1. Rode bloedcel
Al in de jaren vijftig ontdekten mensen dat als endotoxine aan de rode bloedcellen van schapen werd toegevoegd, ze rode bloedcellen passief konden sensibiliseren, agglutinatie konden veroorzaken en een door complement gemedieerde cytolysereactie konden produceren in aanwezigheid van exogene toxine-antilichamen. Er moet een werkzame stof in het rode bloedcelmembraan aanwezig zijn die endotoxine kan herkennen en eraan kan binden. Nu weten we dat rode bloedcellen endotoxine niet alleen kunnen herkennen door specifieke herkenning (endotoxinereceptor), maar ook door niet-specifieke binding.
Polymyxine B kan zich specifiek binden met endotoxine en de werkzame stof lipoïde A. In het experiment werd ontdekt dat in aanwezigheid van polymyxine B veel immunologische, immunopathologische en toxische effecten van rode bloedcellen die afhankelijk zijn van lipide A, werden geremd. Dit suggereert sterk dat lipide A kan combineren met sommige componenten op het oppervlak van rode bloedcellen, terwijl polymyxine B deze combinatie remt, zodat lipide A de overeenkomstige biologische effecten niet kan mediëren.
De niet-specifieke binding van endotoxine en rode bloedcellen kan niet alleen worden bereikt door passieve hydrofobe werking, maar ook door actieve binding.
Kortom, er is een niet-specifieke en specifieke binding tussen endotoxine en rode bloedcellen. De niet-specifieke binding kan worden uitgevoerd door middel van actieve en passieve methoden. Het endotoxine in het alkalische behandelingsproces verhoogt de niet-specifieke binding en verandert sommige fysische en chemische eigenschappen van het rode bloedcelmembraan.
2. Bloedplaatjes
In aanwezigheid van plasma-eiwitten kan endotoxine sommige functies van bloedplaatjes beïnvloeden.
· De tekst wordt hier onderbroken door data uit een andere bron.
(* For causal stable systems $P_1,P_2:\mathcal{L}_{2e+}^n\to\mathcal{L}_{2e+}^n$, the cascaded system $P=P_2P_1$ satisfies $$\theta(P)\le\theta(P_1)+\theta(P_2).$$
   Context: For $n\ge1$, $\mathcal{L}_2^n$ is the set of measurable $u:\mathbb{R}\to\mathbb{R}^n$ with $\|u\|_2^2=\int_{-\infty}^{\infty}|u(t)|^2dt<\infty$, with inner product $\langle u,v\rangle=\int u(t)^Tv(t)\,dt$; $\mathcal{L}_{2+}=\{u\in\mathcal{L}_2: u(t)=0\ \text{for}\ t<0\}$. For $T\ge0$, $(\Gamma_Tu)(t)=u(t)$ for $t\le T$ and $0$ for $t>T$; $\mathcal{L}_{2e+}=\{u: \Gamma_Tu\in\mathcal{L}_{2+}\ \forall T\ge0\}$. A system is an operator $P:\mathcal{L}_{2e+}\to\mathcal{L}_{2e+}$ with $P0=0$, $P\ne0$; it is causal if $\Gamma_TP=\Gamma_TP\Gamma_T$ for all $T\ge0$, and a causal system is stable if $Pu\in\mathcal{L}_{2+}$ for all $u\in\mathcal{L}_{2+}$ and $\sup_{0\ne u\in\mathcal{L}_{2+}}\|Pu\|_2/\|u\|_2<\infty$. The singular angle of a causal stable system $P$ is $\theta(P)\in[0,\pi]$ with $\cos\theta(P)=\inf\{\langle u,Pu\rangle/(\|u\|_2\|Pu\|_2): 0\neq u\in\mathcal{L}_{2+},\ Pu\neq0\}$. *)

theory Defs
  imports "HOL-Analysis.Analysis"
begin

type_synonym 'n signal = "real \<Rightarrow> real ^ 'n"

definition L2 :: "'n::finite signal set" where
  "L2 = {u. u \<in> borel_measurable lborel \<and> integrable lborel (\<lambda>t. (norm (u t))\<^sup>2)}"

definition L2p :: "'n::finite signal set" where
  "L2p = {u \<in> L2. \<forall>t<0. u t = 0}"

definition trunc :: "real \<Rightarrow> 'n::finite signal \<Rightarrow> 'n signal" where
  "trunc T u = (\<lambda>t. if t \<le> T then u t else 0)"

definition L2ep :: "'n::finite signal set" where
  "L2ep = {u. \<forall>T\<ge>0. trunc T u \<in> L2p}"

definition l2_inner :: "'n::finite signal \<Rightarrow> 'n signal \<Rightarrow> real" where
  "l2_inner u v = (LINT t|lborel. u t \<bullet> v t)"

definition l2_norm :: "'n::finite signal \<Rightarrow> real" where
  "l2_norm u = sqrt (LINT t|lborel. (norm (u t))\<^sup>2)"

definition is_system :: "('n::finite signal \<Rightarrow> 'n signal) \<Rightarrow> bool" where
  "is_system P \<longleftrightarrow> (\<forall>u\<in>L2ep. P u \<in> L2ep) \<and> P (\<lambda>_. 0) = (\<lambda>_. 0)
     \<and> (\<exists>u\<in>L2ep. \<exists>T\<ge>0. l2_norm (trunc T (P u)) \<noteq> 0)"

definition causal :: "('n::finite signal \<Rightarrow> 'n signal) \<Rightarrow> bool" where
  "causal P \<longleftrightarrow> is_system P \<and> (\<forall>T\<ge>0. \<forall>u\<in>L2ep. trunc T (P u) = trunc T (P (trunc T u)))"

definition stable :: "('n::finite signal \<Rightarrow> 'n signal) \<Rightarrow> bool" where
  "stable P \<longleftrightarrow> causal P \<and> (\<forall>u\<in>L2p. P u \<in> L2p)
     \<and> (\<exists>c. \<forall>u\<in>L2p. l2_norm (P u) \<le> c * l2_norm u)"

definition singular_angle :: "('n::finite signal \<Rightarrow> 'n signal) \<Rightarrow> real" where
  "singular_angle P = arccos (Inf {l2_inner u (P u) / (l2_norm u * l2_norm (P u)) | u.
      u \<in> L2p \<and> l2_norm u \<noteq> 0 \<and> l2_norm (P u) \<noteq> 0})"

end

theory Submission
  imports Defs
begin
lemma ends_in_images:
  "x \<in> path_image A" "y \<in> path_image A" "x \<in> path_image B" "y \<in> path_image B"
  "x \<in> path_image C" "y \<in> path_image C"
  using pathstart_in_path_image[of A] pathfinish_in_path_image[of A] pathstart_in_path_image[of B]
    pathfinish_in_path_image[of B] pathstart_in_path_image[of C] pathfinish_in_path_image[of C]
  by (simp_all add: starts finishes)

lemma closed_images: "closed (path_image A)" "closed (path_image B)" "closed (path_image C)"
  using arcs by (simp_all add: closed_path_image arc_imp_path)

lemma Jordan_AB:
  "inside (path_image A \<union> path_image B) \<noteq> {}"
  "connected (inside (path_image A \<union> path_image B))"
  "connected (outside (path_image A \<union> path_image B))"
  "frontier (inside (path_image A \<union> path_image B)) = path_image A \<union> path_image B"
  using Jordan_two_arcs[OF arcs(1,2)] starts finishes meet(1) by simp_all

lemma meet_eq:
  "path_image A \<inter> path_image B = {x, y}" "path_image A \<inter> path_image C = {x, y}"
  "path_image B \<inter> path_image C = {x, y}"
  using meet ends_in_images by auto

lemma split_inside_AB:
  assumes "path_image C \<inter> inside (path_image A \<union> path_image B) \<noteq> {}"
  shows "inside (path_image A \<union> path_image C) \<inter> inside (path_image B \<union> path_image C) = {}"
    and "inside (path_image A \<union> path_image C) \<union> inside (path_image B \<union> path_image C) \<union>
           arc_interior C = inside (path_image A \<union> path_image B)"
proof -
  obtain "inside (path_image A \<union> path_image C) \<inter> inside (path_image B \<union> path_image C) = {}"
    and "inside (path_image A \<union> path_image C) \<union> inside (path_image B \<union> path_image C) \<union>
           (path_image C - {x, y}) = inside (path_image A \<union> path_image B)"
    by (rule split_inside_simple_closed_curve[of A x y B C])
      (use assms arcs starts finishes ends_distinct meet_eq in \<open>simp_all add: arc_imp_simple_path\<close>)
  then show "inside (path_image A \<union> path_image C) \<inter> inside (path_image B \<union> path_image C) = {}"
    and "inside (path_image A \<union> path_image C) \<union> inside (path_image B \<union> path_image C) \<union>
           arc_interior C = inside (path_image A \<union> path_image B)"
    using starts finishes by simp_all
qed

lemma inside_connector_impossible:
  assumes p: "p \<in> arc_interior A" and q: "q \<in> arc_interior B"
    and F: "connected F" "p \<in> closure F" "q \<in> closure F"
      "F \<inter> (path_image A \<union> path_image B \<union> path_image C) = {}"
    and C_in: "arc_interior C \<subseteq> inside (path_image A \<union> path_image B)"
    and F_in: "F \<subseteq> inside (path_image A \<union> path_image B)"
  shows False
proof -
  let ?A = "path_image A" and ?B = "path_image B" and ?C = "path_image C"
  have p_off: "p \<notin> ?B \<union> ?C" and q_off: "q \<notin> ?A \<union> ?C"
    using p q meet_eq starts finishes by auto
  have "?C \<inter> inside (?A \<union> ?B) \<noteq> {}"
    using C_in nonempty_simple_path_endless[OF arc_imp_simple_path[OF arcs(3)]] by blast
  note split = split_inside_AB[OF this]
  have F_split: "F \<subseteq> inside (?A \<union> ?C) \<union> inside (?B \<union> ?C)"
    using F_in F(4) split(2) by blast
  have "inside (?A \<union> ?C) \<inter> F = {} \<or> inside (?B \<union> ?C) \<inter> F = {}"
    by (rule connectedD[OF F(1)]) (use split(1) F_split closed_images in \<open>auto intro: open_inside\<close>)
  then show False
  proof
    assume "inside (?A \<union> ?C) \<inter> F = {}"
    then have "F \<subseteq> inside (?B \<union> ?C)"
      using F_split by blast
    then have "p \<in> ?B \<union> ?C \<union> inside (?B \<union> ?C)"
      using closure_subset_inside[OF closed_Un[OF closed_images(2,3)]] F(2) by blast
    moreover have "p \<notin> inside (?B \<union> ?C)"
      using p split(2) inside_no_overlap[of "?A \<union> ?B"] by blast
    ultimately show False
      using p_off by blast
  next
    assume "inside (?B \<union> ?C) \<inter> F = {}"
    then have "F \<subseteq> inside (?A \<union> ?C)"
      using F_split by blast
    then have "q \<in> ?A \<union> ?C \<union> inside (?A \<union> ?C)"
      using closure_subset_inside[OF closed_Un[OF closed_images(1,3)]] F(3) by blast
    moreover have "q \<notin> inside (?A \<union> ?C)"
      using q split(2) inside_no_overlap[of "?A \<union> ?B"] by blast
    ultimately show False
      using q_off by blast
  qed
qed

text \<open>A point inside A \<union> B but outside both A \<union> C and B \<union> C could be joined to infinity avoiding
  A \<union> C and avoiding B \<union> C; since these meet in the connected set C, Janiszewski's theorem joins it
  to infinity avoiding A \<union> B.\<close>

lemma inside_AB_subset:
  assumes C_out: "arc_interior C \<subseteq> outside (path_image A \<union> path_image B)"
  shows "inside (path_image A \<union> path_image B) \<subseteq>
           inside (path_image A \<union> path_image C) \<union> inside (path_image B \<union> path_image C)"
proof
  let ?A = "path_image A" and ?B = "path_image B" and ?C = "path_image C"
  fix z assume z: "z \<in> inside (?A \<union> ?B)"
  have z_AB: "z \<notin> ?A \<union> ?B"
    using z inside_no_overlap by blast
  have z_C: "z \<notin> ?C"
  proof
    assume "z \<in> ?C"
    moreover have "z \<notin> {x, y}"
      using z_AB ends_in_images by blast
    ultimately have "z \<in> outside (?A \<union> ?B)"
      using C_out starts finishes by auto
    then show False
      using z inside_Int_outside by blast
  qed
  show "z \<in> inside (?A \<union> ?C) \<union> inside (?B \<union> ?C)"
  proof (rule ccontr)
    assume "z \<notin> inside (?A \<union> ?C) \<union> inside (?B \<union> ?C)"
    then have z_out: "z \<in> outside (?A \<union> ?C)" "z \<in> outside (?B \<union> ?C)"
      using z_AB z_C inside_Un_outside by blast+
    have "bounded (?A \<union> ?B \<union> ?C)"
      using arcs by (simp add: bounded_path_image arc_imp_path)
    then obtain w where w: "w \<in> outside (?A \<union> ?B \<union> ?C)"
      using outside_bounded_nonempty by blast
    have w_out: "w \<in> outside (?A \<union> ?C)" "w \<in> outside (?B \<union> ?C)" "w \<in> outside (?A \<union> ?B)"
      using w outside_mono[of "?A \<union> ?C" "?A \<union> ?B \<union> ?C"] outside_mono[of "?B \<union> ?C" "?A \<union> ?B \<union> ?C"]
        outside_mono[of "?A \<union> ?B" "?A \<union> ?B \<union> ?C"] by blast+
    have "connected_component (- (?A \<union> ?C)) z w"
      by (rule connected_component_outside[OF theta.Jordan_AB(3)[OF swap_BC] z_out(1) w_out(1)])
    moreover have "connected_component (- (?B \<union> ?C)) z w"
      by (rule connected_component_outside[OF theta.Jordan_AB(3)[OF theta.swap_BC[OF swap_AB]]
            z_out(2) w_out(2)])
    moreover have "connected ((?A \<union> ?C) \<inter> (?B \<union> ?C))"
    proof -
      have "(?A \<union> ?C) \<inter> (?B \<union> ?C) = ?C"
        using meet(1) ends_in_images by blast
      then show ?thesis
        using arcs by (simp add: connected_path_image arc_imp_path)
    qed
    moreover have "compact (?A \<union> ?C)" "closed (?B \<union> ?C)"
      using arcs closed_images by (simp_all add: compact_Un compact_path_image closed_Un arc_imp_path)
    ultimately have "connected_component (- (?A \<union> ?C \<union> (?B \<union> ?C))) z w"
      using Janiszewski by blast
    then have "connected_component (- (?A \<union> ?B)) z w"
      by (rule connected_component_of_subset) blast
    then have "z \<in> outside (?A \<union> ?B)"
      using outside_connected_component w_out(3) by blast
    then show False
      using z inside_Int_outside by blast
  qed
qed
De combinatie van endotoxine en bloedplaatjes ligt aan de basis van dit effect. In de meeste gevallen wordt de combinatie van endotoxine en bloedplaatjes voltooid door de niet-specifieke combinatie van lipide A en bloedplaatjesmembraanfosfolipiden. Deze combinatie heeft een relatief lage affiniteit. De reden kan zijn dat lipide A zich in de endotoxinepolysaccharidecomponent bevindt en zich in het midden van de hele structuur bevindt, die moeilijk te sluiten is bij het bloedplaatjesmembraan en niet volledig kan worden gecombineerd. Net als rode bloedcellen kan lipide A actief of passief combineren met fosfolipiden van bloedplaatjes, waarvan de meeste passief binden, en er is ook actieve binding. Het is aangetoond dat met alkali behandeld endotoxine de secretie van bloedplaatjeskorrelcomponenten kan verhogen en de productie van bloedplaatjesfactor 3, een fosfolipidecomponent van bloedstolling, op een dosisafhankelijke manier kan bevorderen. Het mechanisme is dat met alkali behandeld endotoxine de binding met het bloedplaatjesmembraan verhoogt en leidt tot de herschikking en verdeling van fosfolipidemoleculen in het bloedplaatjesmembraan.